Problem:
The answer consists of one number: how many lines of the data below include the string "cong".

Exercise data:
******************************

section \<open>Finite Markov kernels\<close>

definition irreducible_on :: "'s set \<Rightarrow> ('s \<Rightarrow> 's \<Rightarrow> real) \<Rightarrow> bool" where
  "irreducible_on C P \<longleftrightarrow>
     (\<forall>S. S \<subseteq> C \<longrightarrow> S \<noteq> {} \<longrightarrow> (\<forall>\<eta>\<in>S. \<forall>\<xi>\<in>C. P \<eta> \<xi> > 0 \<longrightarrow> \<xi> \<in> S) \<longrightarrow> S = C)"

lemma detailed_balance_imp_invariant:
  fixes P :: "'s \<Rightarrow> 's \<Rightarrow> real"
  assumes balance: "\<And>\<xi> \<eta>. \<xi> \<in> C \<Longrightarrow> \<eta> \<in> C \<Longrightarrow> w \<xi> * P \<xi> \<eta> = w \<eta> * P \<eta> \<xi>"
    and stochastic: "(\<Sum>\<xi>\<in>C. P \<eta> \<xi>) = 1" and "\<eta> \<in> C"
  shows "(\<Sum>\<xi>\<in>C. w \<xi> * P \<xi> \<eta>) = w \<eta>"
proof -
  have "(\<Sum>\<xi>\<in>C. w \<xi> * P \<xi> \<eta>) = (\<Sum>\<xi>\<in>C. w \<eta> * P \<eta> \<xi>)"
    using balance \<open>\<eta> \<in> C\<close> by (intro sum.cong) auto
  also have "\<dots> = w \<eta>"
    by (simp add: sum_distrib_left[symmetric] stochastic)
  finally show ?thesis .
qed

lemma invariant_ratio_harmonic:
  fixes P :: "'s \<Rightarrow> 's \<Rightarrow> real"
  assumes balance: "\<And>\<xi> \<eta>. \<xi> \<in> C \<Longrightarrow> \<eta> \<in> C \<Longrightarrow> w \<xi> * P \<xi> \<eta> = w \<eta> * P \<eta> \<xi>"
    and pos: "\<And>\<xi>. \<xi> \<in> C \<Longrightarrow> w \<xi> > 0"
    and invariant: "(\<Sum>\<xi>\<in>C. \<pi> \<xi> * P \<xi> \<eta>) = \<pi> \<eta>" and "\<eta> \<in> C"
  shows "(\<Sum>\<xi>\<in>C. P \<eta> \<xi> * (\<pi> \<xi> / w \<xi>)) = \<pi> \<eta> / w \<eta>"
proof -
  have "w \<eta> * (\<Sum>\<xi>\<in>C. P \<eta> \<xi> * (\<pi> \<xi> / w \<xi>)) = (\<Sum>\<xi>\<in>C. \<pi> \<xi> / w \<xi> * (w \<eta> * P \<eta> \<xi>))"
    by (simp add: sum_distrib_left algebra_simps)
  also have "\<dots> = (\<Sum>\<xi>\<in>C. \<pi> \<xi> * P \<xi> \<eta>)"
  proof (rule sum.cong)
    fix \<xi> assume "\<xi> \<in> C"
    then show "\<pi> \<xi> / w \<xi> * (w \<eta> * P \<eta> \<xi>) = \<pi> \<xi> * P \<xi> \<eta>"
      using balance[OF \<open>\<xi> \<in> C\<close> \<open>\<eta> \<in> C\<close>, symmetric] pos[OF \<open>\<xi> \<in> C\<close>] by simp
  qed simp
  finally show ?thesis
    using invariant pos[OF \<open>\<eta> \<in> C\<close>] by (simp add: field_simps)
qed

text \<open>An average of values not exceeding the maximum equals it only if no value of
  positive weight falls short.\<close>
lemma harmonic_argmax_closed:
  fixes P :: "'s \<Rightarrow> 's \<Rightarrow> real"
  assumes "finite C"
    and nonneg: "\<And>\<zeta>. \<zeta> \<in> C \<Longrightarrow> P \<eta> \<zeta> \<ge> 0"
    and stochastic: "(\<Sum>\<zeta>\<in>C. P \<eta> \<zeta>) = 1"
    and harmonic: "(\<Sum>\<zeta>\<in>C. P \<eta> \<zeta> * h \<zeta>) = h \<eta>"
    and le_max: "\<And>\<zeta>. \<zeta> \<in> C \<Longrightarrow> h \<zeta> \<le> h \<eta>"
    and "\<xi> \<in> C" "P \<eta> \<xi> > 0"
  shows "h \<xi> = h \<eta>"
proof -
  have "(\<Sum>\<zeta>\<in>C. P \<eta> \<zeta> * (h \<eta> - h \<zeta>)) = h \<eta> * (\<Sum>\<zeta>\<in>C. P \<eta> \<zeta>) - (\<Sum>\<zeta>\<in>C. P \<eta> \<zeta> * h \<zeta>)"
    by (simp add: right_diff_distrib sum_subtractf sum_distrib_left mult_ac)
  also have "\<dots> = 0" by (simp add: stochastic harmonic)
  finally have "(\<Sum>\<zeta>\<in>C. P \<eta> \<zeta> * (h \<eta> - h \<zeta>)) = 0" .
  moreover have "P \<eta> \<zeta> * (h \<eta> - h \<zeta>) \<ge> 0" if "\<zeta> \<in> C" for \<zeta>
    using nonneg[OF that] le_max[OF that] by simp
  ultimately have "P \<eta> \<xi> * (h \<eta> - h \<xi>) = 0"
    using sum_nonneg_eq_0_iff[OF \<open>finite C\<close>] \<open>\<xi> \<in> C\<close> by (metis (no_types, lifting))
  then show ?thesis using \<open>P \<eta> \<xi> > 0\<close> by simp
qed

******************************

Answer to the exercise:
2